Spock's Beard in 2025.

The opening track Invisible begins with a dramatic 25-second slice of a cappella, as a cavalcade of voices croon ‘hello out there, can you see me… I hope it’s not right, but I feel that I might be turning invisible’. Cheekily, it’s not actually a taster of what’s to come, although Spock’s Beard will do it again with even more vocal pyrotechnics, on Afourthoughts. As we ought to know after 33 years and, now, 14 albums, it’s hard to predict what they’re going to do in the next minute, let alone over a whole album.

Some of the basics remain on their first album since 2018’s relatively tentative Noise Floor. The Californians are still as complex as YesGoing For The One era mostly, oddly enough - and they scatter harmonies like Beach Boys-sponsored confetti, all while sounding as crisp as a Walkers ready salted.

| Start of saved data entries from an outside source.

lemma bounded_op_compose:
  fixes S :: "'b::complex_inner \<Rightarrow> 'c::complex_inner" and T :: "'a::complex_inner \<Rightarrow> 'b"
  assumes S: "bounded_clinear_op S" and T: "bounded_clinear_op T"
  shows "bounded_clinear_op (\<lambda>x. S (T x))"
proof -
  obtain KS KT where KS: "KS > 0" "\<And>x. norm (S x) \<le> KS * norm x"
    and KT: "\<And>x. norm (T x) \<le> KT * norm x"
    by (metis S T bounded_op_bound)
  have "norm (S (T x)) \<le> (KS * KT) * norm x" for x
  proof -
    have "norm (S (T x)) \<le> KS * norm (T x)" by (rule KS(2))
    also have "\<dots> \<le> KS * (KT * norm x)" using KS(1) KT by (intro mult_left_mono) auto
    finally show ?thesis by (simp add: mult.assoc)
  qed
  thus ?thesis
    by (intro bounded_clinear_opI[where K="KS * KT"])
       (auto simp: bounded_op_add[OF S] bounded_op_add[OF T] bounded_op_scaleC[OF S]
         bounded_op_scaleC[OF T])
qed

lemma op_dense_orthogonal_eq_0:
  assumes "op_dense cinner UNIV S" "\<And>x. x \<in> S \<Longrightarrow> cinner x z = 0"
  shows "z = 0"
proof -
  obtain s where s: "\<And>n. s n \<in> S" "s \<longlonglongrightarrow> z"
    using assms(1) by (auto simp: op_dense_def ip_conv_cinner)
  have "(\<lambda>n. cinner (s n) z) \<longlonglongrightarrow> cinner z z" by (intro tendsto_cinner s tendsto_const)
  moreover have "(\<lambda>n. cinner (s n) z) = (\<lambda>n. 0)" using s(1) assms(2) by simp
  ultimately have "cinner z z = 0" using LIMSEQ_unique tendsto_const by metis
  thus ?thesis by (simp only: cinner_eq_zero_iff)
qed

lemma adj_eqI:
  assumes "op_dense cinner UNIV S" "\<forall>x\<in>S. cinner (T x) y = cinner x z"
  shows "adj S T y = z"
  unfolding adj_def
proof (rule the_equality)
  fix z' assume "\<forall>x\<in>S. cinner (T x) y = cinner x z'"
  hence "\<And>x. x \<in> S \<Longrightarrow> cinner x (z' - z) = 0" using assms(2) by (simp add: cinner_diff_right)
  hence "z' - z = 0" by (rule op_dense_orthogonal_eq_0[OF assms(1)])
  thus "z' = z" by simp
qed (use assms in simp)

lemma op_dense_UNIV: "op_dense cinner UNIV (UNIV::'a::complex_inner set)"
  unfolding op_dense_def ip_conv_cinner by (auto intro!: exI[of _ "\<lambda>_. _"])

And if you want prog you’ve got it, mostly on the epic title track, their first song to break the 20-minute barrier since 2000’s The Great Nothing. It begins with guitar pyrotechnics, takes a stentorian turn or seven and dips into AOR. And the remaining 17 minutes are just as intriguing.

Yet, there are new worlds to conquer. Spock’s Beard have never sounded quite so urgent, quite so in your face and (somehow) quite as up to date, whether it’s the sizzling Dream Theater-esque guitars of St. Jerome In The Wilderness or the moment Electric Monk brings out their inner REO Speedwagon. More than anything though, as founder member and guitarist Alan Morse’s influence wanes, that of keyboardist Ryo Okumoto waxes. For all that it’s a jamboree of sounds and styles, more than anything The Archaeoptimist is a keyboards album.

Okumoto introduces Next Step with a bravura solo display of pure piano, but he’s across almost every track, mostly offering walls of synthesiser sheen somewhere between caped keyboard crusader Rick Wakeman, Tears For Fears and, especially on Invisible after that red herring opening, Nice-period Keith Emerson.

Like the best modern prog rock, The Archaeoptimist reveals more and more at every new sitting. And if there were to be a takeaway from this impressive barrel of invention, it’s that complexity need not be inaccessible. After all those albums, all those decades and a Stakhanovite touring schedule, Spock’s Beard ought to know what they’re doing. The joy is that they really do.